*What to do*.
Only one stretch of the listing below is wanted. Begin at the line that has "eps else eps", stop after the line that has "x = (\<Sum>z\<in>cube", and repeat every line in between exactly.

*Information supplied*.
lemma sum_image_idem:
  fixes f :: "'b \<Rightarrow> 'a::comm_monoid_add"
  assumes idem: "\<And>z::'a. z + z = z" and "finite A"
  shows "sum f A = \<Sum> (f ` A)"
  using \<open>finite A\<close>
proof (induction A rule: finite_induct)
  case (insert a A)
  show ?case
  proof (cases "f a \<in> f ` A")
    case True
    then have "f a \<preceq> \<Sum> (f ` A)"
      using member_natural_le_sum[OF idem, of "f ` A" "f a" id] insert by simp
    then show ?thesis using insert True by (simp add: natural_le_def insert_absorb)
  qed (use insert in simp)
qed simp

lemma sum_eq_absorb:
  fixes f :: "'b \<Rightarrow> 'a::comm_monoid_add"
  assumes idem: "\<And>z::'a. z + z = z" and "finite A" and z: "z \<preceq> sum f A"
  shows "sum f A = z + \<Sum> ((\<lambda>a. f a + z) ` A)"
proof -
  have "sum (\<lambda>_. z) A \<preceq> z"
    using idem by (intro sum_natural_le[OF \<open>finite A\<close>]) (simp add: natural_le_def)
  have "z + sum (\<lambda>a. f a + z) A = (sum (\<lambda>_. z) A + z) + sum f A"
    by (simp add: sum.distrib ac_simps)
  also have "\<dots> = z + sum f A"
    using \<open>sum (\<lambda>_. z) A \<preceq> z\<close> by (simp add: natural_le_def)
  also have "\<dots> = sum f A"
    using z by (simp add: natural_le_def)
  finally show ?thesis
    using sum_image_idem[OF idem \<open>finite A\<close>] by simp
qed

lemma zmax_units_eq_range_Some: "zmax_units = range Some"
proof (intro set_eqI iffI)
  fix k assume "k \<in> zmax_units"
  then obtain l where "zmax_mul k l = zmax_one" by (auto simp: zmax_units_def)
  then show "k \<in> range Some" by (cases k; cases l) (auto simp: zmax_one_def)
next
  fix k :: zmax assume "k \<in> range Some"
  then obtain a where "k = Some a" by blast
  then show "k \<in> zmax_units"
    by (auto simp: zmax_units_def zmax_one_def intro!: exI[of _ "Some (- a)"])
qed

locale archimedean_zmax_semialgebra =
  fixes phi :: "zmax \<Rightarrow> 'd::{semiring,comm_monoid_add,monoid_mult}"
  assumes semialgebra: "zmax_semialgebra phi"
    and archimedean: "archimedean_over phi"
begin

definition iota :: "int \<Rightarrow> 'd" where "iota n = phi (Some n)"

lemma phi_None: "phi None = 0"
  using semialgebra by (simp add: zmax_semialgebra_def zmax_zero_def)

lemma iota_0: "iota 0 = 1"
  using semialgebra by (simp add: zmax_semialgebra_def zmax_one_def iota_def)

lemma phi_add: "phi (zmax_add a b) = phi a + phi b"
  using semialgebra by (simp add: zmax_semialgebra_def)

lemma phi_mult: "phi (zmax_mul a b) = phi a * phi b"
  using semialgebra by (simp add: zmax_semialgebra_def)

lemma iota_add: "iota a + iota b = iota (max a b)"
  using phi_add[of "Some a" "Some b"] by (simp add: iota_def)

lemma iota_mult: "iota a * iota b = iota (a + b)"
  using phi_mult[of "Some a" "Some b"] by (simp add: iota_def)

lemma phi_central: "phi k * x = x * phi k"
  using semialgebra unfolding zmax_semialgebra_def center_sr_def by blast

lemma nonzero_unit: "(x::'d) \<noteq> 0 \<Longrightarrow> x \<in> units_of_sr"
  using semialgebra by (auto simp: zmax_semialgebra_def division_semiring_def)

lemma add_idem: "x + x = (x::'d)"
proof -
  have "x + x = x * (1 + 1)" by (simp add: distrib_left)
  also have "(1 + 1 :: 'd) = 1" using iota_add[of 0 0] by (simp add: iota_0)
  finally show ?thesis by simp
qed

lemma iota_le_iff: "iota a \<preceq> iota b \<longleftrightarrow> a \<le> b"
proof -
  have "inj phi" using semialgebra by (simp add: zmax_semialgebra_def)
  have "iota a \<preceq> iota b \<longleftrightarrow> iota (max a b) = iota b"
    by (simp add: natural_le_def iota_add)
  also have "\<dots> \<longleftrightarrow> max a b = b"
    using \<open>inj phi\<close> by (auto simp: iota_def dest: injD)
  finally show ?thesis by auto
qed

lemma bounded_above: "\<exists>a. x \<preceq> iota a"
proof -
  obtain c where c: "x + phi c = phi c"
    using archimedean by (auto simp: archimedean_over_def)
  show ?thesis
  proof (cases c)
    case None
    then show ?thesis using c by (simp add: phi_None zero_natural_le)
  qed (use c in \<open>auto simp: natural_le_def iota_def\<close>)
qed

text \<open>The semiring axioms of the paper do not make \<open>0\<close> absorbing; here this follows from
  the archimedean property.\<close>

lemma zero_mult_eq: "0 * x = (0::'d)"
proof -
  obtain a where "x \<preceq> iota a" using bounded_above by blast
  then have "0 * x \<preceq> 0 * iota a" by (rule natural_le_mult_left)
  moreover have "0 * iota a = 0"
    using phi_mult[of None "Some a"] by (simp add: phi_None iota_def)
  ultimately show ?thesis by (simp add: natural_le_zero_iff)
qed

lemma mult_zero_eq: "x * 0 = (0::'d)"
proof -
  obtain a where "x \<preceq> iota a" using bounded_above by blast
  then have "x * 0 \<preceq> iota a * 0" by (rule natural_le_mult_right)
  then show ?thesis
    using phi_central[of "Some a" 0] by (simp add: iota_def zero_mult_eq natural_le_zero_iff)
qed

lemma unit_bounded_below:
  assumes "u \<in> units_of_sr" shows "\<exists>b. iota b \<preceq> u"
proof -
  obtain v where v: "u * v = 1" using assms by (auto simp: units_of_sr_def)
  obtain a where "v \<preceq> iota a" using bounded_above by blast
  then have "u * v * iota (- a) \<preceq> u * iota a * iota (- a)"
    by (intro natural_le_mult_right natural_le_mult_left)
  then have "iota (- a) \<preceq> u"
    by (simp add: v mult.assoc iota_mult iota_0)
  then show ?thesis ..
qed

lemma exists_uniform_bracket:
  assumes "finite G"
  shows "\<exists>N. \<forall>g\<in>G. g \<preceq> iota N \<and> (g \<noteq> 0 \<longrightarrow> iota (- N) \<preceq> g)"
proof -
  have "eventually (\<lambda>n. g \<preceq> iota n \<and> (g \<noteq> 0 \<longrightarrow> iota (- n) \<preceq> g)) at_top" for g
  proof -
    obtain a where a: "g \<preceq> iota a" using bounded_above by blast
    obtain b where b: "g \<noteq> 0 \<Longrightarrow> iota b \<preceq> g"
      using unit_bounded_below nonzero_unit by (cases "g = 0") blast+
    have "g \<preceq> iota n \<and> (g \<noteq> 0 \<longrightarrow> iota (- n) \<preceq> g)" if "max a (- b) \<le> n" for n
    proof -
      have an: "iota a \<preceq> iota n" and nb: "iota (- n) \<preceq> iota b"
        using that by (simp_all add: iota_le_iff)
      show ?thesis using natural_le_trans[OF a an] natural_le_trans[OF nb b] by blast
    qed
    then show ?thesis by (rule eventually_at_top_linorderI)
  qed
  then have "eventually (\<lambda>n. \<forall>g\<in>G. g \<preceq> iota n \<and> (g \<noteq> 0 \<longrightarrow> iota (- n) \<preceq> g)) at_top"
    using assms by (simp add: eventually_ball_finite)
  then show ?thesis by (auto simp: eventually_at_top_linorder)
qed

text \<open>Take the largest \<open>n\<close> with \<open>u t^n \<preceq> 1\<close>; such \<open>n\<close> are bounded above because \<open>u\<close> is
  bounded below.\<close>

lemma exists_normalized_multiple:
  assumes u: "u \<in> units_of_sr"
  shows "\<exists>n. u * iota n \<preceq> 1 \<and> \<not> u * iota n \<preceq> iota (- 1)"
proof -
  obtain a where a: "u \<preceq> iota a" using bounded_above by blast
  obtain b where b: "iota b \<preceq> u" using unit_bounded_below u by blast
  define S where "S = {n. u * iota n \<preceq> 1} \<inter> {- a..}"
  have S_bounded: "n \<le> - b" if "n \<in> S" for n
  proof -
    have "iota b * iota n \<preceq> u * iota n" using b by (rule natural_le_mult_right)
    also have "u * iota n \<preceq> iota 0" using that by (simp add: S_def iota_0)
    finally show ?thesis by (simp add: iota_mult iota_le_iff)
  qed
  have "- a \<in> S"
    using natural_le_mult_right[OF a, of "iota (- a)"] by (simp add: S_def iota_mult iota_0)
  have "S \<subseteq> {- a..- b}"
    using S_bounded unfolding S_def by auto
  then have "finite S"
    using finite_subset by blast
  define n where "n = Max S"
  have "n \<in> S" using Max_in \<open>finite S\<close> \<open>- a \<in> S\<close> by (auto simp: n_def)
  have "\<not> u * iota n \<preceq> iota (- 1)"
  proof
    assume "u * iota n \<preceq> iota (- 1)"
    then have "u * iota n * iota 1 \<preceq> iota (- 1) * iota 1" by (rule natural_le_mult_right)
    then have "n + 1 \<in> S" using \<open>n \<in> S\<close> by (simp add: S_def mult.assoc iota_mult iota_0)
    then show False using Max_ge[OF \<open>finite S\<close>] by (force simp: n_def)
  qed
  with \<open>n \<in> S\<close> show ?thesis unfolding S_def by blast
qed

==

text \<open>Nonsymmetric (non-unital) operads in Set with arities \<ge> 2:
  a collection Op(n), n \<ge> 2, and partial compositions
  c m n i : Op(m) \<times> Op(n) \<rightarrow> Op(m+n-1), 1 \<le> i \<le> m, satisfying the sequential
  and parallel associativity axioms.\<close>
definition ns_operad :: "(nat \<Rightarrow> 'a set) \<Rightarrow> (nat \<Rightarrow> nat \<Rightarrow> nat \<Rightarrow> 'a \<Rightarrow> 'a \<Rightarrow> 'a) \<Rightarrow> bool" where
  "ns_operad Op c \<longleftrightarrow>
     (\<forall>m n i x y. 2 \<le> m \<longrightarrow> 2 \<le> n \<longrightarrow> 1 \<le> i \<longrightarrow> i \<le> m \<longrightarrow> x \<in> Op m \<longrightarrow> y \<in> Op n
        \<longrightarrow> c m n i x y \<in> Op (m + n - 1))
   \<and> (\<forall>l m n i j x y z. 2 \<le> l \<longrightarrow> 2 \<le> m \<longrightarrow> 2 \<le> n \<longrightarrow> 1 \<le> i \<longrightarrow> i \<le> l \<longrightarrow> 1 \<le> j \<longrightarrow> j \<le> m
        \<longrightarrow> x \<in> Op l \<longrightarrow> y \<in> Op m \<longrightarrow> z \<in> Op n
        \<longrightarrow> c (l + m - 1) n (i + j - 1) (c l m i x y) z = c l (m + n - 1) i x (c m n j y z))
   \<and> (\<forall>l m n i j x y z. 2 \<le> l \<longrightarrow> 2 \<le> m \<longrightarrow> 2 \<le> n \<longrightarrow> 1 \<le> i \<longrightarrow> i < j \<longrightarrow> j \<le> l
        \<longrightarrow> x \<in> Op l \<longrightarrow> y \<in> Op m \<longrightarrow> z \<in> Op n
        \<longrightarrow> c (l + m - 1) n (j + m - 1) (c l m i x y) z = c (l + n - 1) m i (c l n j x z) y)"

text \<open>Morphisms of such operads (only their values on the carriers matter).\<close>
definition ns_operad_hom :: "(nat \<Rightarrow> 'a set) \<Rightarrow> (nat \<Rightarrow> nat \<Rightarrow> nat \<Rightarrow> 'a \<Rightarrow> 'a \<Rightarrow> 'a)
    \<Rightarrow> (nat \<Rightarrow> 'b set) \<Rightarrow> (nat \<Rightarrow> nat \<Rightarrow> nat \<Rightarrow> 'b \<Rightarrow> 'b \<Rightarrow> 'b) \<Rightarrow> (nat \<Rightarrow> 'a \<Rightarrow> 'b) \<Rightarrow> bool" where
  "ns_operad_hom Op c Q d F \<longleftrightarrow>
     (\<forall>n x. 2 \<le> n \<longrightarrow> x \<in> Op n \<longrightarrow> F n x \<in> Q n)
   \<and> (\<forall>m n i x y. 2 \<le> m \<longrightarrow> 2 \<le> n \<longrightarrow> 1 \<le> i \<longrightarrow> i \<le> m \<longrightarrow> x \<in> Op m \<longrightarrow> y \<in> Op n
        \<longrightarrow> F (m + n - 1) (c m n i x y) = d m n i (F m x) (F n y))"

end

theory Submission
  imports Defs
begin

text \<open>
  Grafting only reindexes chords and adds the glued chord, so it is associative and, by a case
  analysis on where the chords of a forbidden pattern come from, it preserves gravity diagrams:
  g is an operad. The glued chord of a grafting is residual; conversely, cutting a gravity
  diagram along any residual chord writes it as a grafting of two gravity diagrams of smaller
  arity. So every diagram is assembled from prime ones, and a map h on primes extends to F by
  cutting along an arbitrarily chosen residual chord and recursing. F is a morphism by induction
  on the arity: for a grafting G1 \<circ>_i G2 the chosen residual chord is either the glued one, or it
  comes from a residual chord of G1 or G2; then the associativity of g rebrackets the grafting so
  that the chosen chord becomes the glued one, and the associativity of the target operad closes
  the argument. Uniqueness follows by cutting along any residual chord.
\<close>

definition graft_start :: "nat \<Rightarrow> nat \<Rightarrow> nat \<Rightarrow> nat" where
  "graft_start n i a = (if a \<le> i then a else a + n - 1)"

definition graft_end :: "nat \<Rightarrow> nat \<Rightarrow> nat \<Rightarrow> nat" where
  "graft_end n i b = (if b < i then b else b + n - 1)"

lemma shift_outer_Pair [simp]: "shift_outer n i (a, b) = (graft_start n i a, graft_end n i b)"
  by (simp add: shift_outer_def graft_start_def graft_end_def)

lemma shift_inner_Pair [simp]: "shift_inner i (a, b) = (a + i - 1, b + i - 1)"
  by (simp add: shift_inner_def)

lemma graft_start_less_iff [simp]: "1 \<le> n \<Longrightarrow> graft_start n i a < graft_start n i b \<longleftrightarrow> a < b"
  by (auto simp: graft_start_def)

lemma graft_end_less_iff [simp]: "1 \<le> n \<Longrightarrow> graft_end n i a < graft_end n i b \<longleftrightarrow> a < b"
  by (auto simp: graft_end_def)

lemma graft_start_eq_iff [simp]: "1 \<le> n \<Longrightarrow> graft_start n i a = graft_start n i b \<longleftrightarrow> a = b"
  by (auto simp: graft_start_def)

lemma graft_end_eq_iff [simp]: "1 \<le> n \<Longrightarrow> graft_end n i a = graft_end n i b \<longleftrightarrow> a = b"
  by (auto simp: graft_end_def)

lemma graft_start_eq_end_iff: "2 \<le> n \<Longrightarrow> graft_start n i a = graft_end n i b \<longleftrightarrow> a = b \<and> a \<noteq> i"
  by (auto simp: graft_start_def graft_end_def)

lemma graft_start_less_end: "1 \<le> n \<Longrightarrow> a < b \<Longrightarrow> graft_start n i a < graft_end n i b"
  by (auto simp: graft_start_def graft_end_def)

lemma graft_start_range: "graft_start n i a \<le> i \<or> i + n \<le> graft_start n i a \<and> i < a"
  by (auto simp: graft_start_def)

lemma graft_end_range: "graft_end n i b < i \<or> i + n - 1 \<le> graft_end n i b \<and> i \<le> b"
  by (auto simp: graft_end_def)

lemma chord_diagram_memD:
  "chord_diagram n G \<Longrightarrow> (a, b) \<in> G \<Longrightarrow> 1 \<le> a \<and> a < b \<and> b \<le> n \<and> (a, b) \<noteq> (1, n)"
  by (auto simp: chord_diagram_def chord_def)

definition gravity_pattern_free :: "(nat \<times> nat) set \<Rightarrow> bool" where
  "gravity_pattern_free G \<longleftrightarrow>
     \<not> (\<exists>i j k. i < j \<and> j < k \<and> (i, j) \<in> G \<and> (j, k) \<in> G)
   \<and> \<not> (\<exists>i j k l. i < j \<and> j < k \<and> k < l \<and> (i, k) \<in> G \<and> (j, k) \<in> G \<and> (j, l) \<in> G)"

* * *

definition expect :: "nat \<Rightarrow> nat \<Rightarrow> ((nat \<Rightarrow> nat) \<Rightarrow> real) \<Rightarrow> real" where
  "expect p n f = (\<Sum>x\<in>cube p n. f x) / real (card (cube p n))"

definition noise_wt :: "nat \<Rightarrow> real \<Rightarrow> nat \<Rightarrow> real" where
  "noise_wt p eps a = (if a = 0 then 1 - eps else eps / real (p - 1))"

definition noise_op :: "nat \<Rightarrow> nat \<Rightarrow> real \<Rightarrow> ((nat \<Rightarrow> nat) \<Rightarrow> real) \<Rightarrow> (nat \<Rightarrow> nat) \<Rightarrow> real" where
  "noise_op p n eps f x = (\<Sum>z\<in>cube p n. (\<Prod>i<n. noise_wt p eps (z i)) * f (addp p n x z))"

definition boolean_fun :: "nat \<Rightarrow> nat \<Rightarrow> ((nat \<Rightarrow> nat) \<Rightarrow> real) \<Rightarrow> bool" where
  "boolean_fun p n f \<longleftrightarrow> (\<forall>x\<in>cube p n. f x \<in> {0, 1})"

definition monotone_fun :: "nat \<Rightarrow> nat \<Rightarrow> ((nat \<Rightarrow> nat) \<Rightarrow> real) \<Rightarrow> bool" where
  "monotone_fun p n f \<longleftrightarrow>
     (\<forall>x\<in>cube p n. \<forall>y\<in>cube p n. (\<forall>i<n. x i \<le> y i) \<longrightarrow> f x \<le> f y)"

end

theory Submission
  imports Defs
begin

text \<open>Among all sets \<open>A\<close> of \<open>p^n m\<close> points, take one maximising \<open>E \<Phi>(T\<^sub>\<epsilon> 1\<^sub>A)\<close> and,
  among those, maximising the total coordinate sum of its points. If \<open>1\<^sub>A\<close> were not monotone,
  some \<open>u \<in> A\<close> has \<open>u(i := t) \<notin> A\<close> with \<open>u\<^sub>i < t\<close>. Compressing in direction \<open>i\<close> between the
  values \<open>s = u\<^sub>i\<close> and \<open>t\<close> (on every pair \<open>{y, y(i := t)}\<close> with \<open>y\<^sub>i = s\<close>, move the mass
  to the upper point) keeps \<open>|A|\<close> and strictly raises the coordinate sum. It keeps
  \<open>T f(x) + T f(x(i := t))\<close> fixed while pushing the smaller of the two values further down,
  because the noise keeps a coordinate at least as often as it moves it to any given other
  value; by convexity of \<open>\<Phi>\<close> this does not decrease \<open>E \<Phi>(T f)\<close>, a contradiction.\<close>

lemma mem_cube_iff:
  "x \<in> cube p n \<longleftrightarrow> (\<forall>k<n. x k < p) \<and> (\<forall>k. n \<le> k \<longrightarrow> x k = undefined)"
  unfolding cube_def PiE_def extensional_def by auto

*Result*.
  "noise_wt p eps a = (if a = 0 then 1 - eps else eps / real (p - 1))"

definition noise_op :: "nat \<Rightarrow> nat \<Rightarrow> real \<Rightarrow> ((nat \<Rightarrow> nat) \<Rightarrow> real) \<Rightarrow> (nat \<Rightarrow> nat) \<Rightarrow> real" where
  "noise_op p n eps f x = (\<Sum>z\<in>cube p n. (\<Prod>i<n. noise_wt p eps (z i)) * f (addp p n x z))"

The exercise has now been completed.